One month ago, people living in the mountains above Malibu woke up to evacuation orders. The Woolsey Fire was devouring miles of forest and homes, including the hills around The Rock Store, a famous biker hangout that's been owned by Rich Savko's family since 1962. I spoke to him just after the fire swept through the area.

(SOUNDBITE OF ARCHIVED BROADCAST)

RICH SAVKO: It was just devastating - just devastating throughout this whole area. And we didn't have any time to respond, you know? I mean, it just came through so fast, and, you know, there's large ranches around here. They just had to turn the animals free, and some plots were saved. And just by the grace of God, The Rock Store is still standing.

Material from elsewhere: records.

lemma central_binomial_sq_le: "(real (2 * j choose j) / 4 ^ j)\<^sup>2 \<le> 1 / (real j + 1)"
proof (induction j)
  case 0
  then show ?case by simp
next
  case (Suc j)
  define B where "B = real (2 * j choose j)"
  define B' where "B' = real (2 * Suc j choose Suc j)"
  have "real (Suc j * (2 * Suc j choose Suc j)) = real (2 * (2 * j + 1) * (2 * j choose j))"
    by (simp only: central_binomial_Suc)
  then have "B' = 2 * (2 * j + 1) * B / (j + 1)"
    unfolding B_def B'_def of_nat_mult by (simp add: field_simps del: binomial_Suc_Suc)
  then have "B' / 4 ^ Suc j = B / 4 ^ j * ((2 * j + 1) / (2 * j + 2))"
    by (simp add: divide_simps) (simp add: algebra_simps)
  then have "(B' / 4 ^ Suc j)\<^sup>2 = (B / 4 ^ j)\<^sup>2 * ((2 * j + 1) / (2 * j + 2))\<^sup>2"
    by (simp only: power_mult_distrib)
  also have "\<dots> \<le> 1 / (real j + 1) * ((2 * j + 1) / (2 * j + 2))\<^sup>2"
    using Suc.IH unfolding B_def by (rule mult_right_mono) simp
  also have "\<dots> \<le> 1 / (real (Suc j) + 1)"
    by (simp add: divide_simps power2_eq_square) (simp add: algebra_simps)
  finally show ?case
    by (simp only: B'_def)
qed

lemma binomial_odd_le_central: "Suc (2 * j) choose j \<le> 2 * (2 * j choose j)"
proof (cases j)
  case (Suc i)
  then have "Suc (2 * j) choose j = (2 * j choose i) + (2 * j choose j)"
    by simp
  also have "\<dots> \<le> 2 * (2 * j choose j)"
    using binomial_maximum'[of j i] by simp
  finally show ?thesis .
qed simp

lemma central_binomial_prob_le_sqrt:
  assumes "r \<le> real k" "r > 0"
  shows "central_binomial_prob k \<le> sqrt (2 / r)"
proof (rule real_le_rsqrt)
  define j where "j = k div 2"
  have "central_binomial_prob k \<le> real (2 * j choose j) / 4 ^ j"
  proof (cases "even k")
    case True
    then show ?thesis
      by (auto simp: central_binomial_prob_def j_def power_mult elim!: evenE)
  next
    case False
    then have "k = Suc (2 * j)"
      by (simp add: j_def)
    then have "central_binomial_prob k = real (Suc (2 * j) choose j) / 4 ^ j / 2"
      by (simp add: central_binomial_prob_def power_mult)
    moreover have "real (Suc (2 * j) choose j) \<le> 2 * real (2 * j choose j)"
      using binomial_odd_le_central[of j] by (metis of_nat_le_iff of_nat_mult of_nat_numeral)
    ultimately show ?thesis
      by (simp add: field_simps)
  qed
  moreover have "0 \<le> central_binomial_prob k"
    by (simp add: central_binomial_prob_def)
  ultimately have "(central_binomial_prob k)\<^sup>2 \<le> (real (2 * j choose j) / 4 ^ j)\<^sup>2"
    by (rule power_mono)
  also have "\<dots> \<le> 1 / (real j + 1)"
    by (rule central_binomial_sq_le)
  also have "\<dots> \<le> 2 / r"
    using assms unfolding j_def by (simp add: divide_simps)
  finally show "(central_binomial_prob k)\<^sup>2 \<le> 2 / r" .
qed
lemma mem_R_conv: "a \<le> d \<Longrightarrow> (u, v) \<in> R (conv a) \<longleftrightarrow> (v, u) \<in> R a"
  using conv_spec by blast

definition cell :: "'x \<Rightarrow> nat \<Rightarrow> 'x set" where
  "cell y a = {u \<in> X. (y, u) \<in> R a}"

lemma cell_subset: "cell y a \<subseteq> X"
  by (auto simp: cell_def)

lemma finite_cell: "finite (cell y a)"
  using finite_X cell_subset by (rule finite_subset[rotated])

lemma mem_cell: "a \<le> d \<Longrightarrow> u \<in> cell y a \<longleftrightarrow> (y, u) \<in> R a"
  using R_subset by (auto simp: cell_def)

lemma cell_disjoint: "a \<le> d \<Longrightarrow> b \<le> d \<Longrightarrow> u \<in> cell y a \<Longrightarrow> u \<in> cell y b \<Longrightarrow> a = b"
  using R_disjoint by (auto simp: cell_def)

lemma cell_cover: "y \<in> X \<Longrightarrow> u \<in> X \<Longrightarrow> \<exists>a\<le>d. u \<in> cell y a"
  using R_cover by (auto simp: cell_def)

lemma card_cell_eq_inter_num:
  "a \<le> d \<Longrightarrow> card (cell y a) = inter_num (R a) (R (conv a)) X y y"
  unfolding inter_num_def cell_def using mem_R_conv by (intro arg_cong[where f = card]) auto

lemma card_cell_indep: "y \<in> X \<Longrightarrow> y' \<in> X \<Longrightarrow> a \<le> d \<Longrightarrow> card (cell y a) = card (cell y' a)"
  using card_cell_eq_inter_num inter_num_const[of a "conv a" 0 y y y' y'] conv_le R_0 by auto

lemma cell_nonempty:
  assumes "y \<in> X" "a \<le> d"
  shows "cell y a \<noteq> {}"
proof -
  obtain p q where pq: "(p, q) \<in> R a"
    using R_nonempty[OF assms(2)] by auto
  then have "p \<in> X" "q \<in> cell p a"
    using R_subset assms(2) by (auto simp: cell_def)
  then have "card (cell p a) \<noteq> 0"
    using finite_cell by auto
  then show ?thesis
    using card_cell_indep[OF assms(1) \<open>p \<in> X\<close> assms(2)] by auto
qed

lemma card_row_eq_inter_num:
  "b \<le> d \<Longrightarrow> card {v \<in> cell y b. (u, v) \<in> R c} = inter_num (R c) (R (conv b)) X u y"
  unfolding inter_num_def cell_def using mem_R_conv by (intro arg_cong[where f = card]) auto

lemma card_col_eq_inter_num:
  "card {u \<in> cell y a. (u, v) \<in> R c} = inter_num (R a) (R c) X y v"
  unfolding inter_num_def cell_def by (intro arg_cong[where f = card]) auto

lemma card_row_indep:
  assumes "a \<le> d" "b \<le> d" "c \<le> d" "u \<in> cell y a" "u' \<in> cell y' a"
  shows "card {v \<in> cell y b. (u, v) \<in> R c} = card {v \<in> cell y' b. (u', v) \<in> R c}"
proof -
  have "(y, u) \<in> R a" "(y', u') \<in> R a"
    using assms(1,4,5) mem_cell by auto
  then have "(u, y) \<in> R (conv a)" "(u', y') \<in> R (conv a)"
    using mem_R_conv[OF assms(1)] by auto
  then show ?thesis
    using inter_num_const[OF assms(3) conv_le[OF assms(2)] conv_le[OF assms(1)]]
      card_row_eq_inter_num[OF assms(2)] by metis
qed

lemma card_col_indep:
  assumes "a \<le> d" "b \<le> d" "c \<le> d" "v \<in> cell y b" "v' \<in> cell y' b"
  shows "card {u \<in> cell y a. (u, v) \<in> R c} = card {u \<in> cell y' a. (u, v') \<in> R c}"
proof -
  have "(y, v) \<in> R b" "(y', v') \<in> R b"
    using assms(2,4,5) mem_cell by auto
  then show ?thesis
    using inter_num_const[OF assms(1,3,2)] card_col_eq_inter_num by metis
qed

definition block :: "'x \<Rightarrow> nat \<Rightarrow> nat \<Rightarrow> ('x \<times> 'x) set" where
  "block y a b = cell y a \<times> cell y b"

lemma block_subset: "block y a b \<subseteq> X \<times> X"
  using cell_subset by (auto simp: block_def)

lemma blocks_disjoint:
  "a \<le> d \<Longrightarrow> b \<le> d \<Longrightarrow> a' \<le> d \<Longrightarrow> b' \<le> d \<Longrightarrow> (a, b) \<noteq> (a', b') \<Longrightarrow>
   block y a b \<inter> block y a' b' = {}"
  using cell_disjoint unfolding block_def by blast

lemma adj_mat_eq_sum_blocks:
  assumes "y \<in> X" and "S \<subseteq> X \<times> X"
  shows "adj_mat S = (\<Sum>i\<in>{..d} \<times> {..d}. adj_mat (S \<inter> block y (fst i) (snd i)))"
proof -
  define P where "P = {..d} \<times> {..d}"
  define B where "B i = S \<inter> block y (fst i) (snd i)" for i
  have "S \<subseteq> (\<Union>i\<in>P. B i)"
  proof
    fix p assume "p \<in> S"
    then obtain a b where "a \<le> d" "b \<le> d" "fst p \<in> cell y a" "snd p \<in> cell y b"
      using assms cell_cover by (metis mem_Times_iff subsetD)
    with \<open>p \<in> S\<close> have "p \<in> B (a, b)" "(a, b) \<in> P"
      by (auto simp: B_def P_def block_def mem_Times_iff)
    then show "p \<in> (\<Union>i\<in>P. B i)"
      by blast
  qed
  then have "S = (\<Union>i\<in>P. B i)"
    by (auto simp: B_def)
  moreover have "pairwise (\<lambda>i j. B i \<inter> B j = {}) P"
  proof (rule pairwiseI)
    fix i j assume "i \<in> P" "j \<in> P" "i \<noteq> j"
    then show "B i \<inter> B j = {}"
      using blocks_disjoint[of "fst i" "snd i" "fst j" "snd j" y]
      by (auto simp: B_def P_def prod_eq_iff)
  qed
  ultimately show ?thesis
    using adj_mat_UN[of P B] by (simp add: P_def B_def)
qed

definition matches :: "'x \<Rightarrow> nat \<Rightarrow> nat \<Rightarrow> nat \<Rightarrow> bool" where
  "matches y c a b \<longleftrightarrow>
     (\<forall>u\<in>cell y a. card {v \<in> cell y b. (u, v) \<in> R c} = 1) \<and>
     (\<forall>v\<in>cell y b. card {u \<in> cell y a. (u, v) \<in> R c} = 1)"

lemma matches_indep:
  assumes "y \<in> X" "y' \<in> X" "a \<le> d" "b \<le> d" "c \<le> d" "matches y c a b"
  shows "matches y' c a b"
proof -
  obtain u0 v0 where u0: "u0 \<in> cell y a" and v0: "v0 \<in> cell y b"
    using cell_nonempty assms(1,3,4) by blast
  show ?thesis
    unfolding matches_def
  proof (intro conjI ballI)
    fix u assume "u \<in> cell y' a"
    then show "card {v \<in> cell y' b. (u, v) \<in> R c} = 1"
      using card_row_indep[OF assms(3-5) u0 \<open>u \<in> cell y' a\<close>] assms(6) u0
      by (simp add: matches_def)
  next
    fix v assume "v \<in> cell y' b"
    then show "card {u \<in> cell y' a. (u, v) \<in> R c} = 1"
      using card_col_indep[OF assms(3-5) v0 \<open>v \<in> cell y' b\<close>] assms(6) v0
      by (simp add: matches_def)
  qed
qed

lemma matches_graph_on:
  assumes "matches y c a b"
  obtains f where "bij_betw f (cell y a) (cell y b)" "R c \<inter> block y a b = graph_on (cell y a) f"
  using graph_on_if_unique_rows_cols[of "cell y a" "cell y b" "R c"] assms
  unfolding matches_def block_def by blast

definition linked :: "'x \<Rightarrow> (nat \<times> nat) set" where
  "linked y = {(a, b). a \<le> d \<and> b \<le> d \<and> (\<exists>c\<le>d. matches y c a b)}"

lemma linked_indep: "y \<in> X \<Longrightarrow> y' \<in> X \<Longrightarrow> linked y = linked y'"
  unfolding linked_def using matches_indep by blast

lemma card_cell_eq_if_linked: "(a, b) \<in> (linked y)\<^sup>* \<Longrightarrow> card (cell y a) = card (cell y b)"
proof (induction rule: rtrancl_induct)
  case (step b e)
  then obtain c where "matches y c b e"
    by (auto simp: linked_def)
  then obtain f where "bij_betw f (cell y b) (cell y e)"
    by (rule matches_graph_on)
  with step.IH show ?case
    by (simp add: bij_betw_same_card)
qed simp

lemma linked_rtrancl_le: "(a, b) \<in> (linked y)\<^sup>* \<Longrightarrow> a \<le> d \<Longrightarrow> b \<le> d"
  by (induction rule: rtrancl_induct) (auto simp: linked_def)

definition paired :: "'x \<Rightarrow> nat \<Rightarrow> nat \<Rightarrow> bool" where
  "paired y a b \<longleftrightarrow> (a, b) \<in> (linked y)\<^sup>* \<and> card (cell y a) = 2"

lemma paired_indep: "y \<in> X \<Longrightarrow> y' \<in> X \<Longrightarrow> a \<le> d \<Longrightarrow> paired y a b = paired y' a b"
  unfolding paired_def by (simp add: linked_indep[of y y'] card_cell_indep[of y y'])

lemma paired_card:
  assumes "paired y a b"
  shows "card (cell y a) = 2 \<and> card (cell y b) = 2"
  using assms card_cell_eq_if_linked[of a b y] by (simp add: paired_def)

lemma paired_trans: "paired y a b \<Longrightarrow> paired y b e \<Longrightarrow> paired y a e"
  unfolding paired_def by auto

lemma paired_refl: "card (cell y a) = 2 \<Longrightarrow> paired y a a"
  by (simp add: paired_def)

definition rep :: "'x \<Rightarrow> nat \<Rightarrow> 'x" where
  "rep y a = (SOME u. u \<in> cell y a)"

lemma rep_in_cell: "y \<in> X \<Longrightarrow> a \<le> d \<Longrightarrow> rep y a \<in> cell y a"
  using cell_nonempty[of y a] unfolding rep_def by (simp add: some_in_eq)

lemma cell_eq_rep_singleton:
  assumes "card (cell y a) = 1"
  shows "cell y a = {rep y a}"
proof -
  obtain p where "cell y a = {p}"
    using assms by (rule card_1_singletonE)
  then show ?thesis
    by (simp add: rep_def)
qed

SHAPIRO: Last Friday, I drove up into those blackened hills, a moonscape stretching ridge after ridge. Back before the fire, hundreds of bikers would gather at The Rock Store each weekend for a bite or a coffee before riding the twisty road called The Snake through the Santa Monica Mountains. On Friday, the restaurant had just gotten power back and was preparing to reopen.

Hey, are you Rich? Hey, I'm Ari.

UNIDENTIFIED PERSON: Ari, Rich.

SHAPIRO: So nice to meet you.

R SAVKO: My pleasure. Thanks so much.

SHAPIRO: Rich Savko's 90-year-old mother, Vern, was inside, sitting in a booth, drinking a cup of tea and looking at the workers buzzing around her.

VERN SAVKO: We'll build this better. Like we are now, see?

SHAPIRO: Yeah.

V SAVKO: (Laughter) The carpet's first.

SHAPIRO: There's a lot going on here. What's happening right now?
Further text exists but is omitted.